Göreceğiz bakalım ‘ak’ mı, ‘kara’ mı?
***
Türkiye’nin yargı ve emniyet camiasında,
Afyonkarahisar sıklıkla gündeme geliyor.
Afyonkarahisar’ın başarıları konuşuluyor.
Ankara’da pek çok yere, ‘Afyonkarahisar’
örneği veriliyor.
FETÖ soruşturmaları, davaları ve ‘isabet’lilik
konusunda Afyonkarahisar tüm Türkiye’de
açık ara önde.
Hal böyle olunca da başta yurt dışındaki
FETÖcüler olmak üzere buradaki FETÖ severler
ve onların ödlek klavyatörleri başlıyorlar
saldırıya.
Emniyet’in, Savcılığın üzerine her açıdan
neden bu kadar sert ve iftira dolu saldırılar
oluyor sorusunun tek cevabı, işte bu FETÖ konusundaki
hassasiyet ve tavizsiz harekettir.
FETÖ ile kim gerçek anlamda, samimiyetle
mücadele ediyorsa biliniz ki onlara her türlü
saldırı yapılmaktadır.
Bu saldırılar oldukça Türkiye Cumhuriyeti
Devletinin yanında gibi görünen sahte ‘FETÖ
düşmanları’ da bıyık altından gülmeye, ellerini
ovuşturmaya devam etsinler...
Ne dolap çevirdikleri, kimlere ne taktikler
verdikleri bir bir ortaya dökülecektir elbette.
SAVCILARIN DÜSTURU
Mahmut Esat Bozkurt.
Türkiye’nin en önemli Adalet Bakanlarından.
Aslen İzmir’li.
2. Abdülhamid yönetimine karşı mücadeleye
katılmak için İstanbul’a gitmesinden
sonra, İzmir Yunanlılar tarafından işgale uğrayınca
İzmir’e dönüp Ege Bölgesinde Kuvayi
Milliye teşkilatının içerisinde yer almıştı.

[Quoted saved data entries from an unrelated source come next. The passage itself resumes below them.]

lemma tens_eq_sum_list_eq:
  assumes "tens_bilinear sA scale \<beta>" and "tens_eq sA L M"
  shows "sum_list (map \<beta> L) = sum_list (map \<beta> M)"
proof -
  let ?f = "\<lambda>q. tens_fun L q - tens_fun M q :: 'a"
  from tens_null_eval_zero[OF assms(1) assms(2)[unfolded tens_eq_def]]
  have fin: "finite {q. ?f q \<noteq> 0}" and zero: "tens_eval scale \<beta> ?f = 0" by auto
  define S where "S = set L \<union> set M \<union> {q. ?f q \<noteq> 0}"
  have S: "finite S" "{q. ?f q \<noteq> 0} \<subseteq> S" "set L \<subseteq> S" "set M \<subseteq> S"
    using fin by (auto simp: S_def)
  have "0 = (\<Sum>q\<in>S. scale (?f q) (\<beta> q))"
    using zero S by (simp add: tens_eval_eq_sum)
  also have "\<dots> = sum_list (map \<beta> L) - sum_list (map \<beta> M)"
    using S by (simp add: scale_left_diff_distrib sum_subtractf sum_scale_tens_fun)
  finally show ?thesis by simp
qed

end

lemma nearly_frobenius_delta_one_central:
  assumes "nearly_frobenius scale \<Delta>" and "vector_space sv" and "tens_bilinear scale sv \<beta>"
  shows "sum_list (map \<beta> (tens_ract (\<Delta> 1) a)) = sum_list (map \<beta> (tens_lact a (\<Delta> 1)))"
proof -
  have r: "tens_eq scale (\<Delta> a) (tens_ract (\<Delta> 1) a)"
    using assms(1) unfolding nearly_frobenius_def by (metis mult_1_left)
  have l: "tens_eq scale (\<Delta> a) (tens_lact a (\<Delta> 1))"
    using assms(1) unfolding nearly_frobenius_def by (metis mult_1_right)
  show ?thesis
    using vector_space.tens_eq_sum_list_eq[OF assms(2,3) r] vector_space.tens_eq_sum_list_eq[OF assms(2,3) l]
    by simp
qed

lemma sum_list_map_additive:
  fixes f :: "'a::monoid_add \<Rightarrow> 'b::ab_group_add"
  assumes "\<And>u v. f (u + v) = f u + f v"
  shows "f (sum_list xs) = sum_list (map f xs)"
proof -
  have "f 0 = 0" using assms[of 0 0] by simp
  then show ?thesis by (induction xs) (simp_all add: assms)
qed

lemma k_algebra_mult_scale:
  assumes "k_algebra scale"
  shows "scale c a * b = scale c (a * b)" and "a * scale c b = scale c (a * b)"
  using assms unfolding k_algebra_def by metis+

definition restrict_scalars :: "('k::field \<Rightarrow> 'a::ring_1 \<Rightarrow> 'a) \<Rightarrow> ('a \<Rightarrow> 'm \<Rightarrow> 'm) \<Rightarrow> 'k \<Rightarrow> 'm \<Rightarrow> 'm" where
  "restrict_scalars scale sM c x = sM (scale c 1) x"

lemma lmod_scale:
  assumes alg: "k_algebra scale" and M: "lmod sM"
  shows "sM (scale c a) x = restrict_scalars scale sM c (sM a x)"
    and "sM a (restrict_scalars scale sM c x) = restrict_scalars scale sM c (sM a x)"
proof -
  have "sM (scale c 1 * a) x = sM (scale c 1) (sM a x)" and "sM (a * scale c 1) x = sM a (sM (scale c 1) x)"
    using M by (simp_all add: lmod_def)
  then show "sM (scale c a) x = restrict_scalars scale sM c (sM a x)"
    and "sM a (restrict_scalars scale sM c x) = restrict_scalars scale sM c (sM a x)"
    by (simp_all add: restrict_scalars_def k_algebra_mult_scale[OF alg])
qed

lemma vector_space_restrict_scalars:
  assumes "k_algebra scale" and "lmod sM"
  shows "vector_space (restrict_scalars scale sM)"
proof -
  interpret vector_space scale using assms(1) by (simp add: k_algebra_def)
  note sM = assms(2)[unfolded lmod_def]
  have "scale (a * b) 1 = scale a 1 * scale b 1" for a b
    by (simp add: k_algebra_mult_scale[OF assms(1)])
  then have "sM (scale (a * b) 1) x = sM (scale a 1) (sM (scale b 1) x)" for a b x
    using sM by simp
  moreover have "sM (scale (a + b) 1) x = sM (scale a 1) x + sM (scale b 1) x" for a b x
    using sM by (simp only: scale_left_distrib)
  ultimately show ?thesis
    using sM unfolding vector_space_def restrict_scalars_def by simp
qed

lemma lhom_linear_restrict_scalars:
  assumes "k_algebra scale" and "lmod sM" and "lmod sN" and "lhom sM sN f"
  shows "Vector_Spaces.linear (restrict_scalars scale sM) (restrict_scalars scale sN) f"
  using assms by (simp add: Vector_Spaces.linear_iff vector_space_restrict_scalars lhom_def
      restrict_scalars_def)

lemma surj_lhom_linear_section:
  assumes "k_algebra scale" and "lmod sM" and "lmod sN" and "lhom sM sN g" and "surj g"
  obtains s where "Vector_Spaces.linear (restrict_scalars scale sN) (restrict_scalars scale sM) s"
    and "\<And>y. g (s y) = y"
proof -
  interpret vector_space_pair "restrict_scalars scale sM" "restrict_scalars scale sN"
    using assms by (simp add: vector_space_pair_def vector_space_restrict_scalars)
  from linear_surjective_right_inverse assms that show ?thesis
    by (metis comp_apply id_apply lhom_linear_restrict_scalars)
qed

definition average :: "('a \<Rightarrow> 'm::ab_group_add \<Rightarrow> 'm) \<Rightarrow> ('a \<Rightarrow> 'p \<Rightarrow> 'p) \<Rightarrow> ('a \<times> 'a) list \<Rightarrow> ('p \<Rightarrow> 'm) \<Rightarrow> 'p \<Rightarrow> 'm" where
  "average sM sP e \<phi> p = sum_list (map (\<lambda>(x, y). sM x (\<phi> (sP y p))) e)"

lemma lhom_average:
  assumes alg: "k_algebra scale" and nf: "nearly_frobenius scale \<Delta>"
    and P: "lmod sP" and M: "lmod sM"
    and lin: "Vector_Spaces.linear (restrict_scalars scale sP) (restrict_scalars scale sM) \<phi>"
  shows "lhom sP sM (average sM sP (\<Delta> 1) \<phi>)"
proof -
  have \<phi>: "\<phi> (x + y) = \<phi> x + \<phi> y" "\<phi> (restrict_scalars scale sP c x) = restrict_scalars scale sM c (\<phi> x)"
    for x y c using lin by (simp_all add: Vector_Spaces.linear_iff)
  note sP = P[unfolded lmod_def] and sM = M[unfolded lmod_def]
  define \<beta> where "\<beta> p = (\<lambda>(x, y). sM x (\<phi> (sP y p)))" for p
  have "tens_bilinear scale (restrict_scalars scale sM) (\<beta> p)" for p
    unfolding tens_bilinear_def \<beta>_def
    using sP sM \<phi> by (simp add: lmod_scale[OF alg P] lmod_scale[OF alg M])
  then have "sum_list (map (\<beta> p) (tens_ract (\<Delta> 1) a)) = sum_list (map (\<beta> p) (tens_lact a (\<Delta> 1)))"
    for p a by (rule nearly_frobenius_delta_one_central[OF nf vector_space_restrict_scalars[OF alg M]])
  then have "average sM sP (\<Delta> 1) \<phi> (sP a p) = sM a (average sM sP (\<Delta> 1) \<phi> p)" for a p
    unfolding average_def tens_ract_def tens_lact_def \<beta>_def
    using sP sM by (simp add: o_def split_def sum_list_map_additive[of "sM a"])
  moreover have "average sM sP (\<Delta> 1) \<phi> (p + q) = average sM sP (\<Delta> 1) \<phi> p + average sM sP (\<Delta> 1) \<phi> q"
    for p q unfolding average_def using sP sM \<phi> by (simp add: split_def sum_list_addf)
  ultimately show ?thesis unfolding lhom_def by simp
qed

lemma average_lift:
  assumes N: "lmod sN" and g: "lhom sM sN g" and f: "lhom sP sN f"
    and lift: "\<And>p. g (\<phi> p) = f p" and unit: "tens_mult e = 1"
  shows "g (average sM sP e \<phi> p) = f p"
proof -
  note sN = N[unfolded lmod_def] and g' = g[unfolded lhom_def] and f' = f[unfolded lhom_def]
  have "g (average sM sP e \<phi> p) = sum_list (map (\<lambda>(x, y). sN (x * y) (f p)) e)"
    unfolding average_def using g' f' sN
    by (simp add: sum_list_map_additive[of g] split_def o_def lift)
  also have "\<dots> = sN (tens_mult e) (f p)"
    unfolding tens_mult_def using sN by (simp add: sum_list_map_additive[of "\<lambda>a. sN a (f p)"] split_def o_def)
  finally show ?thesis using unit sN by simp
qed

lemma projective_lmod_if_normalized_nearly_frobenius:
  fixes scale :: "'k::field \<Rightarrow> 'a::ring_1 \<Rightarrow> 'a" and sP :: "'a \<Rightarrow> 'p::ab_group_add \<Rightarrow> 'p"
  assumes alg: "k_algebra scale" and nnf: "normalized_nearly_frobenius scale \<Delta>" and P: "lmod sP"
  shows "projective_lmod sP TYPE('m::ab_group_add) TYPE('n::ab_group_add)"
  unfolding projective_lmod_def
proof (intro allI impI, elim conjE)
  fix sM :: "'a \<Rightarrow> 'm \<Rightarrow> 'm" and sN :: "'a \<Rightarrow> 'n \<Rightarrow> 'n" and g f
  assume M: "lmod sM" and N: "lmod sN" and g: "lhom sM sN g" and "surj g" and f: "lhom sP sN f"
  then obtain s where s: "Vector_Spaces.linear (restrict_scalars scale sN) (restrict_scalars scale sM) s"
    and gs: "\<And>y. g (s y) = y"
    using surj_lhom_linear_section[OF alg] by metis
  have "Vector_Spaces.linear (restrict_scalars scale sP) (restrict_scalars scale sM) (s \<circ> f)"
    using Vector_Spaces.linear_compose[OF lhom_linear_restrict_scalars[OF alg P N f] s] .
  then have "lhom sP sM (average sM sP (\<Delta> 1) (s \<circ> f))"
    using lhom_average[OF alg _ P M] nnf unfolding normalized_nearly_frobenius_def by blast
  moreover have "g (average sM sP (\<Delta> 1) (s \<circ> f) p) = f p" for p
    using average_lift[OF N g f] gs nnf unfolding normalized_nearly_frobenius_def by simp
  ultimately show "\<exists>h. lhom sP sM h \<and> (\<forall>x. g (h x) = f x)" by blast
qed

lemma (in module) span_sum_list:
  assumes "\<And>p. p \<in> set xs \<Longrightarrow> f p \<in> span S"
  shows "sum_list (map f xs) \<in> span S"
  using assms by (induction xs) (simp_all add: span_zero span_add)

lemma span_mult_right:
  assumes "k_algebra scale" and "z \<in> module.span scale X"
  shows "z * b \<in> module.span scale ((\<lambda>x. x * b) ` X)"
proof -
  have "module_hom scale scale (\<lambda>x. x * b)"
    using assms(1) unfolding k_algebra_def
    by (simp add: module_hom_iff module_iff_vector_space distrib_right)
  then show ?thesis
    using assms(2) by (simp add: module_hom.span_image)
qed

lemma nearly_frobenius_functional_span:
  assumes alg: "k_algebra scale" and nf: "nearly_frobenius scale \<Delta>"
    and \<phi>: "Vector_Spaces.linear scale (*) \<phi>"
  shows "(\<Sum>(x, y)\<leftarrow>\<Delta> 1. scale (\<phi> y) (a * x)) \<in> module.span scale (fst ` set (\<Delta> 1))"
proof -
  interpret vector_space scale using alg by (simp add: k_algebra_def)
  have "tens_bilinear scale scale (\<lambda>(x, y). scale (\<phi> y) x)"
    using \<phi> by (simp add: tens_bilinear_def Vector_Spaces.linear_iff scale_left_distrib scale_right_distrib)
  from nearly_frobenius_delta_one_central[OF nf vector_space_axioms this]
  have "(\<Sum>(x, y)\<leftarrow>\<Delta> 1. scale (\<phi> y) (a * x)) = (\<Sum>(x, y)\<leftarrow>\<Delta> 1. scale (\<phi> (y * a)) x)"
    by (simp add: tens_ract_def tens_lact_def o_def split_def)
  also have "\<dots> \<in> span (fst ` set (\<Delta> 1))"
    by (rule span_sum_list) (force intro: span_scale span_base)
  finally show ?thesis .
qed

TBMM 1. Dönem Mebusuydu. İktisat Vekilliğinin
yanı sıra 3. ve 4. İnönü Hükümetlerinde
Adliye Vekili olarak görev yaptı. Adliye
Vekilliği döneminde Türk Medeni Hukuku,
Türk Ceza Kanunu, Kabotaj Kanunu, Türk
Borçlar Hukuku, Türk Ticaret Kanunu, Türk
Hukuk Muhakemeleri Usulü Kanunu gibi pek
çok kanun hazırlanarak yürürlüğe girmişti.
Mahmut Esat Bozkurt aslında tam bir
Türk Milliyetçisi.
1934 yılında soyadı kanununun yürürlüğe
girmesiyle Atatürk kendisine ‘ateştentürk’ soyadını
vermek istemiş, O ise af dileyerek ‘Bozkurt’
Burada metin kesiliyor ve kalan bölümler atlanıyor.